Microsoft Transmits Malware and Back Doors to GNU/Linux Servers, Media Points the Finger at Everyone But Microsoft's Servers
The "supply chain" risk is Microsoft-controlled
First, some good news. For nearly a week now we've seen almost no slopfarms showing up in Google News. We are increasingly certain there's a cull going on. Like Microsoft, Google is beginning to openly and publicly recognise slop sucks. Wait till energy prices triple/treble (we're only at the start of it all!).
In worse news, Google News did boost lots of sites which speak of Microsoft NPM delivering malware and back doors while pointing the finger at everyone but Microsoft (the latest to take the blame is North Korea).
We've moreover notice the slopfarm linuxsecurity.com going ahead with another kind of misdirection ("The npm Supply Chain Problem: Why Installing Packages Executes Untrusted Code").

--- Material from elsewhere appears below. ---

(* Let $n>2$ be even, let $G$ be a group of order $2n$ containing a cyclic subgroup $H$ of index $2$, let $j$ be the unique involution of $H$, and let $\{h_1,\dots,h_{n/2}\}$ be a set of representatives of the cosets of $\{1,j\}$ in $H$. Let $\Sigma=\{S_1,\dots,S_r\}$ be a starter in $G$ with associated subgroups $H_1,\dots,H_r$ such that $S_1=\{e\}$ with $\partial e=\{j\}$, and let $\mathcal F$ be the associated $G$-regular $1$-factorization, with fixed $1$-factor $F_1=Orb_G(e)$ and, for $i\ge2$, the $1$-factors $F_i^1,\dots,F_i^{t_i}$ forming the $G$-orbit of $F_i=\bigcup_{f\in S_i}Orb_{H_i}(f)$, where $t_i=[G:H_i]$. Let $R=R_2\cup\dots\cup R_r$ be a subgraph of $K_{2n}$ such that: (1) for each $i\in\{2,\dots,r\}$, $R_i$ consists of $t_i$ edges, one in each of the $1$-factors $F_i^1,\dots,F_i^{t_i}$, and the set of distinct elements of $\partial R_i$ equals $\partial S_i$; (2) if $l$ is a long edge of $R_i$ ($2\le i\le r$), there is exactly one edge $l'\in R_i$ with $\partial l=\partial l'$ and $l'\notin Orb_H(l)$; if $l$ is a short edge of $R_i$, it is the unique edge of $R_i$ with difference set $\partial l$; (3) there exist two distinct edges $e_1,e_2$ of $F_1$ with $Orb_H(e_1)\cap Orb_H(e_2)=\emptyset$ such that both $R\cup\{e_1\}$ and $R\cup\{e_2\}$ are spanning connected subgraphs of $K_{2n}$. Put $T_1=R\cup\{e_1\}$ and $T_2=Rj\cup\{e_2\}$. Then $\mathcal T=\{T_1h_1,\dots,T_1h_{n/2}\}\cup\{T_2h_1,\dots,T_2h_{n/2}\}$ is a complete set of rainbow spanning trees for $\mathcal F$.
   Context: Vertices of $K_{2n}$ are the elements of $G$; $G$ acts by right multiplication: $[x,y]\cdot g=[xg,yg]$, and for a set $U$ of edges $Ug=\{[xg,yg]:[x,y]\in U\}$. $Orb_K(f)$ denotes the orbit of an edge $f$ under a subgroup $K$. An edge $[x,y]$ is long if its $G$-orbit has length $2n$ and short if it has length $n$ (equivalently $x^{-1}y$ is an involution; this involution is the one associated with the short edge). Define $\partial([x,y])=\{xy^{-1},yx^{-1}\}$ if the edge is long and $\{xy^{-1}\}$ if short; $\phi([x,y])=\{x,y\}$ if long and $\{x\}$ if short; for a set $S$ of edges $\partial S,\phi(S)$ are the (multiset) unions. A starter in $G$ is a family $\{S_1,\dots,S_k\}$ of sets of edges with subgroups $H_1,\dots,H_k$ such that (i) $\partial S_1\cup\dots\cup\partial S_k=G\setminus\{1\}$ (as a set, without repetition); (ii) each $\phi(S_i)$ is a left transversal of $H_i$ in $G$; (iii) each $H_i$ contains the involutions associated with the short edges of $S_i$. The associated $G$-regular $1$-factorization consists of the $G$-orbits of the $1$-factors $F_i=\bigcup_{f\in S_i}Orb_{H_i}(f)$. A $1$-factorization is $G$-regular if $G$ (acting sharply transitively on vertices) permutes its $1$-factors. A rainbow spanning tree is a spanning tree with exactly one edge in each $1$-factor; a complete set of rainbow spanning trees is a set of such trees partitioning the edge set. *)

theory Defs
  imports "HOL-Algebra.Algebra" "HOL-Library.Multiset"
begin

Well, this "Supply Chain" is Microsoft. Yet nobody in the media points the finger at it*. Maybe if it impacted NASA like Outlook did, more media site would point the finger in the right direction.
Is Microsoft too poor to vet and check what it hosts and transmits? If Mozilla and Automattic have enough "human resources" for this, why not Microsoft? █
_____
* This same media sure fancies painting Microsoft as a security hero. What a crock. From the latest security leftovers:
-
Cookie-controlled PHP webshells: A stealthy tradecraft in Linux hosting environments [Ed: When Microsoft covers "Linux"...]
-
Hacker News ☛ Microsoft Details Cookie-Controlled PHP Web Shells Persisting via Cron on Linux Servers [Ed: Microsoft looking for ways to demonise Linux instead of plugging Windows back doors]
Threat actors are increasingly using HTTP cookies as a control channel for PHP-based web shells on Linux servers and to achieve remote code execution, according to findings from the Microsoft Defender Security Research Team.